Subsequently, the Division, itself, adjourned the January 19, 1988 final hearing to February 4, 1988, and then, itself, adjourned the February 4, 1988 hearing. Finally, on February 22, 1988, which was the 124th day from when defendant had waived a preliminary hearing, a final hearing was held and completed.
Counsel, on February 11, 1988, upon behalf of defendant (petitioner), instituted the instant proceeding against, among others, the Warden of Rikers Island, and the Chairman of the New York State Board of Parole (respondent) for a writ of habeas corpus. The petition alleges that the revocation of petitioner’s parole was invalid, since the respondent had violated petitioner’s statutory right to receive a final revocation hearing within 90 days of having waived his right to a preliminary hearing (Executive Law § 259-i [3] [f] [i]). In response, the respondent opposed the petition since, although it conceded 81 days were chargeable to it, based on the periods October 21 to December 7, 1987 and January 19 to February 22, 1988, the petitioner was chargeable with the adjournment from December 7, 1987 to January 19, 1988, as a result of his counsel requesting the 14-day notice, mentioned supra. Petitioner replied that the respondent had adjourned the December 7th hearing for an excessive period. The Supreme Court dismissed the writ.
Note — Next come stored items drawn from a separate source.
text \<open>Codes that differ somewhere give orbits that are \<open>sep\<close>-apart at arbitrarily late times,
  even after a time shift \<open>h\<close>: in a window used by one code but not the other, one orbit
  visits \<open>a0\<close> while the other stays near the periodic orbit.\<close>
lemma separation_distinct_codes:
  assumes V: "admissible Q L cf" and V': "admissible Q' L' cf'" and w: "\<omega> i0" "\<not> \<omega>' i0"
  shows "\<exists>t\<ge>M. dist (shadow Q L cf \<omega> t) (shadow Q' L' cf' \<omega>' (t + h)) > sep"
proof -
  define j where "j = prod_encode (i0, nat M + nat \<bar>h\<bar> + L + L' + N + 2)"
  define J where "J = int j"
  have "j \<ge> nat M + nat \<bar>h\<bar> + L + L' + N + 2" unfolding j_def by (rule le_prod_encode_2)
  then have J: "J \<ge> M" "J \<ge> \<bar>h\<bar> + int L + int L' + int N + 2" "J \<ge> 0" unfolding J_def by auto
  note sq = Lam_square_facts[OF J(3)]
  have decode: "fst (prod_decode j) = i0" unfolding j_def by simp
  have act: "active L \<omega> j" unfolding active_def decode J_def[symmetric] using w(1) sq(1) J(2) by auto
  have nact: "\<not> active L' \<omega>' j" unfolding active_def decode using w(2) by auto
  define t where "t = \<Lambda> * J^2 + int N"
  have near_a0: "dist (shadow Q L cf \<omega> t) a0 \<le> \<gamma>" using shadow_near_a0[OF V act] unfolding t_def J_def .
  have region: "\<Lambda> * (J - 1)^2 + \<Lambda> \<le> t + h" "t + h < \<Lambda> * (J + 1)^2"
    unfolding t_def sq(2) sq(3) using sq(4) sq(5) J(2) Lam_pos by linarith+
  have "\<not> (\<exists>j'. active L' \<omega>' j' \<and> in_window j' (t + h))"
    using only_window_near[of j "t + h"] region nact unfolding J_def by auto
  moreover have "t + h > int L' + int N" unfolding t_def using sq(1) J(2) by linarith
  ultimately have "dist (shadow Q' L' cf' \<omega>' (t + h)) (P (t + h)) \<le> \<gamma>"
    using shadow_near_P[OF V'] by blast
  with near_a0 have "dist (shadow Q L cf \<omega> t) (shadow Q' L' cf' \<omega>' (t + h)) \<ge> D/2"
    by (rule far_apart)
  moreover have "t \<ge> M" unfolding t_def using sq(1) J(1) by linarith
  ultimately show ?thesis using sep_less by force
qed

text \<open>The orbit of a code using its \<open>0\<close>-th entry is not asymptotic to any nontrivial time shift
  of itself: the visit to \<open>a0\<close> in a late window, compared with a point near the periodic orbit
  \<open>(N+1)h\<close> steps earlier, forces a jump of size \<open>sep\<close> along the progression of step \<open>h\<close>.\<close>
lemma separation_shift_pos:
  assumes V: "admissible Q L cf" and w: "\<omega> 0" and h: "h > 0"
  shows "\<exists>t\<ge>M. dist (shadow Q L cf \<omega> t) (shadow Q L cf \<omega> (t + h)) > sep"
proof -
  let ?X = "shadow Q L cf \<omega>"
  define j where "j = prod_encode (0, nat M + nat h * (N+1) + L + N + 2)"
  define J where "J = int j"
  have "int (nat h * (N+1)) = (int N + 1) * h" using h by (simp add: algebra_simps)
  moreover have "j \<ge> nat M + nat h * (N+1) + L + N + 2" unfolding j_def by (rule le_prod_encode_2)
  ultimately have J: "J \<ge> int (nat M) + (int N + 1) * h + int L + int N + 2" "J \<ge> 0"
    unfolding J_def by linarith+
  have M: "int (nat M) \<ge> M" "int (nat M) \<ge> 0" by simp_all
  note sq = Lam_square_facts[OF J(2)]
  have hN: "(int N + 1) * h \<ge> int N + 1" using h by (simp add: mult_le_cancel_left1)
  have decode: "fst (prod_decode j) = 0" unfolding j_def by simp
  have "int L + int N < \<Lambda> * J^2" using sq(1) J(1) hN M by linarith
  then have act: "active L \<omega> j" unfolding active_def decode J_def[symmetric] using w by auto
  define e where "e = \<Lambda> * J^2 + int N"
  define t0 where "t0 = e - (int N + 1) * h"
  have near_a0: "dist (?X e) a0 \<le> \<gamma>" using shadow_near_a0[OF V act] unfolding e_def J_def .
  have region: "\<Lambda> * (J - 1)^2 + \<Lambda> \<le> t0" "t0 < \<Lambda> * (J + 1)^2" "t0 < \<Lambda> * J^2"
    unfolding t0_def e_def sq(2) sq(3) using sq(4) sq(5) J(1) Lam_pos hN M by linarith+
  have "\<not> (\<exists>j'. active L \<omega> j' \<and> in_window j' t0)"
    using only_window_near[of j t0] region unfolding J_def in_window_def by fastforce
  moreover have "t0 > int L + int N" unfolding t0_def e_def using sq(1) J(1) M by linarith
  ultimately have "dist (?X t0) (P t0) \<le> \<gamma>" using shadow_near_P[OF V] by blast
  with near_a0 have "dist (?X e) (?X t0) \<ge> D/2" by (rule far_apart)
  moreover have "real (N+1) * sep = D/4" unfolding sep_def by (simp add: field_simps)
  moreover have "e = t0 + int (N+1) * h" unfolding t0_def by (simp add: algebra_simps)
  ultimately have "dist (?X t0) (?X (t0 + int (N+1) * h)) > real (N+1) * sep"
    using D_pos by (simp add: dist_commute)
  then obtain q where q: "dist (?X (t0 + int q * h)) (?X (t0 + int q * h + h)) > sep"
    using long_step_on_progression by blast
  have "t0 \<ge> M" unfolding t0_def e_def using sq(1) J(1) M by linarith
  moreover have "int q * h \<ge> 0" using h by simp
  ultimately show ?thesis using q by (intro exI[of _ "t0 + int q * h"]) auto
qed

lemma separation_shift:
  assumes V: "admissible Q L cf" and w: "\<omega> 0" and h: "h \<noteq> 0"
  shows "\<exists>t\<ge>M. dist (shadow Q L cf \<omega> t) (shadow Q L cf \<omega> (t + h)) > sep"
proof (cases "h > 0")
  case True then show ?thesis using separation_shift_pos[of Q L cf \<omega>, OF V w] by blast
next
  case False
  then have "-h > 0" using h by simp
  from separation_shift_pos[of Q L cf \<omega>, OF V w this, of "M + h"] obtain t' where
    "t' \<ge> M + h" "dist (shadow Q L cf \<omega> t') (shadow Q L cf \<omega> (t' + - h)) > sep" by blast
  then show ?thesis by (intro exI[of _ "t' - h"]) (auto simp: dist_commute)
qed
In People ex rel. Smith v New York State Bd. of Parole (131 AD2d 401, 403 [1st Dept 1987]), we held that the required 14-day notice of final hearing is to be calculated from the date that counsel receives such notice. Applying the Smith case (supra) holding to the instant case, we find that the scheduled final hearing date of December 7th was a nullity, since the notice received by counsel on November 25th did not provide her with 14 days’ notice of such hearing.
As mentioned supra, the Division rescheduled the final hearing date for January 19, 1988, which was the 90th day after the petitioner had waived a preliminary hearing. Nevertheless, the respondent, itself, adjourned the hearing from January 19, 1988 to February 4, 1988, and the respondent admits, as mentioned supra, that this adjournment is chargeable to it. By adjourning the final hearing to February 4, 1988, *359which was the 106th day after petitioner’s waiver of a preliminary hearing, the respondent exceeded the 90-day deadline.
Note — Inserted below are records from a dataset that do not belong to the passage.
lemma inj_on_padd_lta_orbit:
  assumes "finite f" "p \<in> f" "q \<in> f" "q < p" "\<forall>i\<in>f. i \<le> p"
    and "finite g" "\<forall>j\<in>g. j < q"
  shows "inj_on (\<lambda>(a, c). padd a c) (lta_orbit m f \<times> lta_orbit m g)"
proof (rule inj_onI, clarify)
  fix a c a' c'
  assume "a \<in> lta_orbit m f" "a' \<in> lta_orbit m f" "c \<in> lta_orbit m g" "c' \<in> lta_orbit m g"
    and eq: "padd a c = padd a' c'"
  then obtain b e b' e' bc ec bc' ec' where
    act: "a = lta_act b e f" "a' = lta_act b' e' f" "c = lta_act bc ec g" "c' = lta_act bc' ec' g"
    unfolding lta_orbit_def mem_Collect_eq by metis
  have "a = a'"
    using lta_act_eq_if_padd_eq[OF assms eq[unfolded act]] by (simp only: act)
  with eq show "a = a' \<and> c = c'"
    using padd_cancel_left by blast
qed

lemma card_sumset_eq_mult:
  assumes "inj_on (\<lambda>(a, c). padd a c) (A \<times> B)"
  shows "card (sumset A B) = card A * card B"
proof -
  have "sumset A B = (\<lambda>(a, c). padd a c) ` (A \<times> B)"
    unfolding sumset_def by auto
  with assms show ?thesis
    by (simp add: card_image card_cartesian_product)
qed

lemma sumset_commute: "sumset A B = sumset B A"
  unfolding sumset_def padd_def by blast

lemma ind_list_nth_mem: "finite u \<Longrightarrow> k < card u \<Longrightarrow> ind_list u ! k \<in> u"
  unfolding ind_list_def by (metis length_sorted_list_of_set nth_mem set_sorted_list_of_set)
Although in the Smith case (supra, at 403) we stated that in order to provide the 14-day notice of final hearing, it may be necessary to exceed the required 90-day deadline by a day or two, that factual pattern is not present herein, since counsel requested the 14-day notice on both November 16 and November 30, 1987, and those dates were far in advance of the 90-day deadline.
Our review of the record indicates that the respondent has not offered any meritorious evidence which justified scheduling a final hearing date beyond the 90-day period, since it appears to us that an earlier date could have been scheduled that would have met both the statutory 14-day notice and 90-day deadline requirements. Therefore, based upon our analysis supra, we find the Supreme Court erred in denying the writ.
We held in People ex rel. Johnson v New York State Bd. of Parole (71 AD2d 595 [1st Dept 1979]) that "The statute now clearly provides that delay beyond 90 days * * * after waiver of the right to a preliminary revocation hearing, is unreasonable per se * * *. Under the circumstances, the appropriate remedy to rectify the statutory violation is vacatur of the parole revocation warrant and reinstatement of petitioner to parole”.
Accordingly, we reverse, and grant the writ. Concur—Murphy, P. J., Ross, Kassal, Ellerin and Rubin, JJ.